Work order: Look for the line that has "case (insert a D)" in the material below; please repeat it and every line after it, exactly, up to and including the line that has "from this(2) \<open>(l, j)", and nothing else.

===== Excerpted records =====

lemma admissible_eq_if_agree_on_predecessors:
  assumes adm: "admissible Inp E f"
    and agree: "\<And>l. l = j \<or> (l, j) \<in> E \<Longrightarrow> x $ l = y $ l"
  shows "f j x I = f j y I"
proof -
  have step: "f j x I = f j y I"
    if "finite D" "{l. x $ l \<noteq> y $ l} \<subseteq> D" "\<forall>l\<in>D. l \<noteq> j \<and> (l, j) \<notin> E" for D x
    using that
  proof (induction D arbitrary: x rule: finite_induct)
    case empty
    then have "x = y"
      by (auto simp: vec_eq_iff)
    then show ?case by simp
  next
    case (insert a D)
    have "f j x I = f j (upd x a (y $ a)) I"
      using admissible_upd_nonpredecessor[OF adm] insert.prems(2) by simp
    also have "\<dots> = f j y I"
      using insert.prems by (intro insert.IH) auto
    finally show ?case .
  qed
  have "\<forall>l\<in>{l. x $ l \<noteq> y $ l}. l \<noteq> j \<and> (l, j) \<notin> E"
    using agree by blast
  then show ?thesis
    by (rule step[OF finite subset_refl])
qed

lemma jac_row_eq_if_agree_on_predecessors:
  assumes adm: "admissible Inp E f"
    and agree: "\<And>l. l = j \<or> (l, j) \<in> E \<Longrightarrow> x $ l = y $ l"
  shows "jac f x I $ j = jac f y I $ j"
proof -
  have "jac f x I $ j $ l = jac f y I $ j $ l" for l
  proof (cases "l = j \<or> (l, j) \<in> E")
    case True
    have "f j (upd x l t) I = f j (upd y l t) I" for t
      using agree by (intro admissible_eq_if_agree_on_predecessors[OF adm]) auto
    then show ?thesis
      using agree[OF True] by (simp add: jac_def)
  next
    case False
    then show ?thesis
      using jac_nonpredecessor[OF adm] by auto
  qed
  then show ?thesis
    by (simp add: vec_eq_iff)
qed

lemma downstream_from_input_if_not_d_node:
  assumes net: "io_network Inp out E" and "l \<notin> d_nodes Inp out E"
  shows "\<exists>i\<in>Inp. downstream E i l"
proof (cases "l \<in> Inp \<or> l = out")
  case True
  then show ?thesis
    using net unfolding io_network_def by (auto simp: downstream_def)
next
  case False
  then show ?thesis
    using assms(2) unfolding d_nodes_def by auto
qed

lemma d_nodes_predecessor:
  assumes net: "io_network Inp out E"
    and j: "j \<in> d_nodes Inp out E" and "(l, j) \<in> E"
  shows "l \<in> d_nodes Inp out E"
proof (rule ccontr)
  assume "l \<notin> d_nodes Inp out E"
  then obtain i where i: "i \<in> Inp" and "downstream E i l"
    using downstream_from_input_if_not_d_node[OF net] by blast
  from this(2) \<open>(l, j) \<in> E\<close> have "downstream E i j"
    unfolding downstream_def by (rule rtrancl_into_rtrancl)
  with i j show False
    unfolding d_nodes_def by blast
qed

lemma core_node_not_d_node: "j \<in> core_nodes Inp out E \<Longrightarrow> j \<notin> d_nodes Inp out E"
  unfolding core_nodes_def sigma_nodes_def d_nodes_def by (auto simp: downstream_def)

=====
===== Excerpted records =====

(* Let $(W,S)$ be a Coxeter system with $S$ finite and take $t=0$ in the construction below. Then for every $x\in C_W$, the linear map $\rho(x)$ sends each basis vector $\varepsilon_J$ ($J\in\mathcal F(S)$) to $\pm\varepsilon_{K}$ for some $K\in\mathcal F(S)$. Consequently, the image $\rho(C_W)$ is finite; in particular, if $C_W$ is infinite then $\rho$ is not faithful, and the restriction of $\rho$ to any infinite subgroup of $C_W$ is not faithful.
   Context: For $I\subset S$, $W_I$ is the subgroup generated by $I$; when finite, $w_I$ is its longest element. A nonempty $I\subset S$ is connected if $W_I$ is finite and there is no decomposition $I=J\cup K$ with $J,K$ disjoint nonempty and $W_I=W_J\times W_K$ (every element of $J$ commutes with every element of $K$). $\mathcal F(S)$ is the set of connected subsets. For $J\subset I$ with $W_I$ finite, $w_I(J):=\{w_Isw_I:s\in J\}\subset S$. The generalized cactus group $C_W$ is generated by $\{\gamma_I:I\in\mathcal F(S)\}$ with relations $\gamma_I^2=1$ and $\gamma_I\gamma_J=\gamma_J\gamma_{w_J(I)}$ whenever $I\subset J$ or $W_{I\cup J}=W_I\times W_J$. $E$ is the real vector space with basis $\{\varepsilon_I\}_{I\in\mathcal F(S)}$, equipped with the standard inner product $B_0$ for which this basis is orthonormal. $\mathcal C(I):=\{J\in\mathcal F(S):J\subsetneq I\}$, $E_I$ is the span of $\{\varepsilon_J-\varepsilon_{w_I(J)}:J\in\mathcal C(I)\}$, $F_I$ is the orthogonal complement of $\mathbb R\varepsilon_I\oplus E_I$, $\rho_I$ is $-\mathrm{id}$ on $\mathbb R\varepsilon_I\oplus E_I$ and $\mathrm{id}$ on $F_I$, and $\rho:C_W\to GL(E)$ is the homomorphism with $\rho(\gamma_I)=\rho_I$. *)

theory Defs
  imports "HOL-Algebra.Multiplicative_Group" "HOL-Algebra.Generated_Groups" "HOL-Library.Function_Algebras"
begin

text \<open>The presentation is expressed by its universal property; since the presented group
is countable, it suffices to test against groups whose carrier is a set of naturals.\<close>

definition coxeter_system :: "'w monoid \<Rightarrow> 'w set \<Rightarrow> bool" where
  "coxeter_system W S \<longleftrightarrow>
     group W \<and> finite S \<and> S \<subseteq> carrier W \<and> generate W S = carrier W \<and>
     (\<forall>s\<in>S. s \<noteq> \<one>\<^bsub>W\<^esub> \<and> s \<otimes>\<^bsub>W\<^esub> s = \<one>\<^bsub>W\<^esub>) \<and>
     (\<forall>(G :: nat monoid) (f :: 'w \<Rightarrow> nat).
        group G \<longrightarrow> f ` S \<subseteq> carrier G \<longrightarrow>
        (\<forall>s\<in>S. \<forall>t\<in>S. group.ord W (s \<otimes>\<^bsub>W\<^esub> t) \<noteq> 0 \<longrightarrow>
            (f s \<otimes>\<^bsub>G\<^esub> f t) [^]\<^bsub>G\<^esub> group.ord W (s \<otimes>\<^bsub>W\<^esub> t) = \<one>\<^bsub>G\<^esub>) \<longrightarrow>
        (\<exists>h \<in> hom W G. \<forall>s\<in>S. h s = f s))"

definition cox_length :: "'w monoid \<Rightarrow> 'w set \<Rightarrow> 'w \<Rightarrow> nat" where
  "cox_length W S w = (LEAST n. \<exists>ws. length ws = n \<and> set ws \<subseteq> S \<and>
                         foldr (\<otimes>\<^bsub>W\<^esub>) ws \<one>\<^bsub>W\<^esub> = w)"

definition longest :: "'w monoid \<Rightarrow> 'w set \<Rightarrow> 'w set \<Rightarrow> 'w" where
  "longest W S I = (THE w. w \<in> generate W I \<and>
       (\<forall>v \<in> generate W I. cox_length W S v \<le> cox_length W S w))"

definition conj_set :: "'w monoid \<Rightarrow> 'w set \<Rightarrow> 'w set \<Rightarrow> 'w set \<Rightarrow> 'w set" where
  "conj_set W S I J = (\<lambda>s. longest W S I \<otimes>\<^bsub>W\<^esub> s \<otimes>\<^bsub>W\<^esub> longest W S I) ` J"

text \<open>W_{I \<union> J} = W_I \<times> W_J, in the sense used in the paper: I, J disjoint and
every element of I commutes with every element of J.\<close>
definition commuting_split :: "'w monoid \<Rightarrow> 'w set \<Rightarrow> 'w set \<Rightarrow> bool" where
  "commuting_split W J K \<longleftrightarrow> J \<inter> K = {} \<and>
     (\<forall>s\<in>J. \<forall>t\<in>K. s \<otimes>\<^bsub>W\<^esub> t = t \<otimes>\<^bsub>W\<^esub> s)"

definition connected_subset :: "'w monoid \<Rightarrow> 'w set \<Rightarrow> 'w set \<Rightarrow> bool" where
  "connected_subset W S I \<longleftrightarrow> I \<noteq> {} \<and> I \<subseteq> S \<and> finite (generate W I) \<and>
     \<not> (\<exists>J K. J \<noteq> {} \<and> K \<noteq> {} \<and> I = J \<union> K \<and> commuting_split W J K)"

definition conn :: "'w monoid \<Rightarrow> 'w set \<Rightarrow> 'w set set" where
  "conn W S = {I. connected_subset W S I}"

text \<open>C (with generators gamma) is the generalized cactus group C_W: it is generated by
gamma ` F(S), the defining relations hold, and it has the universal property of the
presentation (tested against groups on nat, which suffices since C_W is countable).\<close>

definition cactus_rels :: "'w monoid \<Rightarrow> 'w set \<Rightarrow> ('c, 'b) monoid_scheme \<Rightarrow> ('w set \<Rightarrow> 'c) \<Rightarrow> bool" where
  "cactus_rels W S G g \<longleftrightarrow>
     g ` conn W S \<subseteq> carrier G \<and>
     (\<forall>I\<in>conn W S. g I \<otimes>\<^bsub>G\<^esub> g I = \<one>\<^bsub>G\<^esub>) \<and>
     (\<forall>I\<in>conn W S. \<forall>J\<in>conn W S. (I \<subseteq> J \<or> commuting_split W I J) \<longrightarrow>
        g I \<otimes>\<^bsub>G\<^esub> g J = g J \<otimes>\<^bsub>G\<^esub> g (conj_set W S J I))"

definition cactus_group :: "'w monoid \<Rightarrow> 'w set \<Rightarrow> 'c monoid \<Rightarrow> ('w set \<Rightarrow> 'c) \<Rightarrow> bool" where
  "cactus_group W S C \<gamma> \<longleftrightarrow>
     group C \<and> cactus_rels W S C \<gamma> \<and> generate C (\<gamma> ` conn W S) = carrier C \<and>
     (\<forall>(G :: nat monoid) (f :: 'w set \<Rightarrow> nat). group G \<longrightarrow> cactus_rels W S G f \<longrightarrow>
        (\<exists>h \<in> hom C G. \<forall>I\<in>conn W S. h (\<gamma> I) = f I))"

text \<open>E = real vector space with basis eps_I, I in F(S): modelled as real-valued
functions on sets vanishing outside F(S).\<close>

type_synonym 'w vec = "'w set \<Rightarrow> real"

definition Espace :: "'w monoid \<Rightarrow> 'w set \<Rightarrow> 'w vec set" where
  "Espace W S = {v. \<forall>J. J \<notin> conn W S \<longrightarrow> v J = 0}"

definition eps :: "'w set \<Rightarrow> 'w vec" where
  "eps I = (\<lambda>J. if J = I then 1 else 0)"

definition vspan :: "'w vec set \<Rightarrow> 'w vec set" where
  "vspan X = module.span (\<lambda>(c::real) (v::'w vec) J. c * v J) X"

=====

Reply:
    case (insert a D)
    have "f j x I = f j (upd x a (y $ a)) I"
      using admissible_upd_nonpredecessor[OF adm] insert.prems(2) by simp
    also have "\<dots> = f j y I"
      using insert.prems by (intro insert.IH) auto
    finally show ?case .
  qed
  have "\<forall>l\<in>{l. x $ l \<noteq> y $ l}. l \<noteq> j \<and> (l, j) \<notin> E"
    using agree by blast
  then show ?thesis
    by (rule step[OF finite subset_refl])
qed

lemma jac_row_eq_if_agree_on_predecessors:
  assumes adm: "admissible Inp E f"
    and agree: "\<And>l. l = j \<or> (l, j) \<in> E \<Longrightarrow> x $ l = y $ l"
  shows "jac f x I $ j = jac f y I $ j"
proof -
  have "jac f x I $ j $ l = jac f y I $ j $ l" for l
  proof (cases "l = j \<or> (l, j) \<in> E")
    case True
    have "f j (upd x l t) I = f j (upd y l t) I" for t
      using agree by (intro admissible_eq_if_agree_on_predecessors[OF adm]) auto
    then show ?thesis
      using agree[OF True] by (simp add: jac_def)
  next
    case False
    then show ?thesis
      using jac_nonpredecessor[OF adm] by auto
  qed
  then show ?thesis
    by (simp add: vec_eq_iff)
qed

lemma downstream_from_input_if_not_d_node:
  assumes net: "io_network Inp out E" and "l \<notin> d_nodes Inp out E"
  shows "\<exists>i\<in>Inp. downstream E i l"
proof (cases "l \<in> Inp \<or> l = out")
  case True
  then show ?thesis
    using net unfolding io_network_def by (auto simp: downstream_def)
next
  case False
  then show ?thesis
    using assms(2) unfolding d_nodes_def by auto
qed

lemma d_nodes_predecessor:
  assumes net: "io_network Inp out E"
    and j: "j \<in> d_nodes Inp out E" and "(l, j) \<in> E"
  shows "l \<in> d_nodes Inp out E"
proof (rule ccontr)
  assume "l \<notin> d_nodes Inp out E"
  then obtain i where i: "i \<in> Inp" and "downstream E i l"
    using downstream_from_input_if_not_d_node[OF net] by blast
  from this(2) \<open>(l, j) \<in> E\<close> have "downstream E i j"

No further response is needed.